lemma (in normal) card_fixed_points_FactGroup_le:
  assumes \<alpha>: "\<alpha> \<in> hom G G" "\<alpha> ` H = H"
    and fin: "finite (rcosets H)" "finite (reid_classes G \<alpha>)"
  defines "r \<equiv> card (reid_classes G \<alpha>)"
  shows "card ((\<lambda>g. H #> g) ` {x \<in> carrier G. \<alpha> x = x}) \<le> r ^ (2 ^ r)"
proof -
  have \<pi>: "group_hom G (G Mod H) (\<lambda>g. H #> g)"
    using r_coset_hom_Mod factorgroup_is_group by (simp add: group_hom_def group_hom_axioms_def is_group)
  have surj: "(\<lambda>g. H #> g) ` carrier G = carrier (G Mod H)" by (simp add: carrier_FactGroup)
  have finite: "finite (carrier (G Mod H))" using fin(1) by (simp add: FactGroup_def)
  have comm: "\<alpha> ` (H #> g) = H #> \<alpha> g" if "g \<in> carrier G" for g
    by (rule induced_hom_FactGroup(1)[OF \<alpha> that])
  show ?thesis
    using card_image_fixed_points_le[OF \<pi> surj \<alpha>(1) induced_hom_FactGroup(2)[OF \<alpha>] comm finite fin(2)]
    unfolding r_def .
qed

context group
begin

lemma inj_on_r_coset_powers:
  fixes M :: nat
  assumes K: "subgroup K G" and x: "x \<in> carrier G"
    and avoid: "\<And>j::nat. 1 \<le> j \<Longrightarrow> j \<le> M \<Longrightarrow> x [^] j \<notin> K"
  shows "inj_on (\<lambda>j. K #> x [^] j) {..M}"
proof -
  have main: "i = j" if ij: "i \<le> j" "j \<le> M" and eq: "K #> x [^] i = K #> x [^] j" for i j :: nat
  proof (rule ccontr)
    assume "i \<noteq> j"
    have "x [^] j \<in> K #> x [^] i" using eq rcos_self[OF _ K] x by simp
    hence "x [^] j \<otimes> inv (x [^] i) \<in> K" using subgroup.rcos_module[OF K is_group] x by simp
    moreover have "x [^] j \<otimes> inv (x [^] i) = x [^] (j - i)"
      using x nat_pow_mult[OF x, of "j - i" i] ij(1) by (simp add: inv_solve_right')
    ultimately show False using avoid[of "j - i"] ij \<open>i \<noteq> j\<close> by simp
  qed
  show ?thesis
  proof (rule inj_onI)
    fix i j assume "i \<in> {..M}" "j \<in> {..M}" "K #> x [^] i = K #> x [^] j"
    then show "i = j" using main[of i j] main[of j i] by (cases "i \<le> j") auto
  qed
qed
──────────
With the records above in view, retype each one exactly.

RESULT OF THE TASK:
lemma (in normal) card_fixed_points_FactGroup_le:
  assumes \<alpha>: "\<alpha> \<in> hom G G" "\<alpha> ` H = H"
    and fin: "finite (rcosets H)" "finite (reid_classes G \<alpha>)"
  defines "r \<equiv> card (reid_classes G \<alpha>)"
  shows "card ((\<lambda>g. H #> g) ` {x \<in> carrier G. \<alpha> x = x}) \<le> r ^ (2 ^ r)"
proof -
  have \<pi>: "group_hom G (G Mod H) (\<lambda>g. H #> g)"
    using r_coset_hom_Mod factorgroup_is_group by (simp add: group_hom_def group_hom_axioms_def is_group)
  have surj: "(\<lambda>g. H #> g) ` carrier G = carrier (G Mod H)" by (simp add: carrier_FactGroup)
  have finite: "finite (carrier (G Mod H))" using fin(1) by (simp add: FactGroup_def)
  have comm: "\<alpha> ` (H #> g) = H #> \<alpha> g" if "g \<in> carrier G" for g
    by (rule induced_hom_FactGroup(1)[OF \<alpha> that])
  show ?thesis
    using card_image_fixed_points_le[OF \<pi> surj \<alpha>(1) induced_hom_FactGroup(2)[OF \<alpha>] comm finite fin(2)]
    unfolding r_def .
qed

context group
begin

lemma inj_on_r_coset_powers:
  fixes M :: nat
  assumes K: "subgroup K G" and x: "x \<in> carrier G"
    and avoid: "\<And>j::nat. 1 \<le> j \<Longrightarrow> j \<le> M \<Longrightarrow> x [^] j \<notin> K"
  shows "inj_on (\<lambda>j. K #> x [^] j) {..M}"
proof -
  have main: "i = j" if ij: "i \<le> j" "j \<le> M" and eq: "K #> x [^] i = K #> x [^] j" for i j :: nat
  proof (rule ccontr)
    assume "i \<noteq> j"
    have "x [^] j \<in> K #> x [^] i" using eq rcos_self[OF _ K] x by simp
    hence "x [^] j \<otimes> inv (x [^] i) \<in> K" using subgroup.rcos_module[OF K is_group] x by simp
    moreover have "x [^] j \<otimes> inv (x [^] i) = x [^] (j - i)"
      using x nat_pow_mult[OF x, of "j - i" i] ij(1) by (simp add: inv_solve_right')
    ultimately show False using avoid[of "j - i"] ij \<open>i \<noteq> j\<close> by simp
  qed
  show ?thesis
  proof (rule inj_onI)
    fix i j assume "i \<in> {..M}" "j \<in> {..M}" "K #> x [^] i = K #> x [^] j"
    then show "i = j" using main[of i j] main[of j i] by (cases "i \<le> j") auto
  qed
qed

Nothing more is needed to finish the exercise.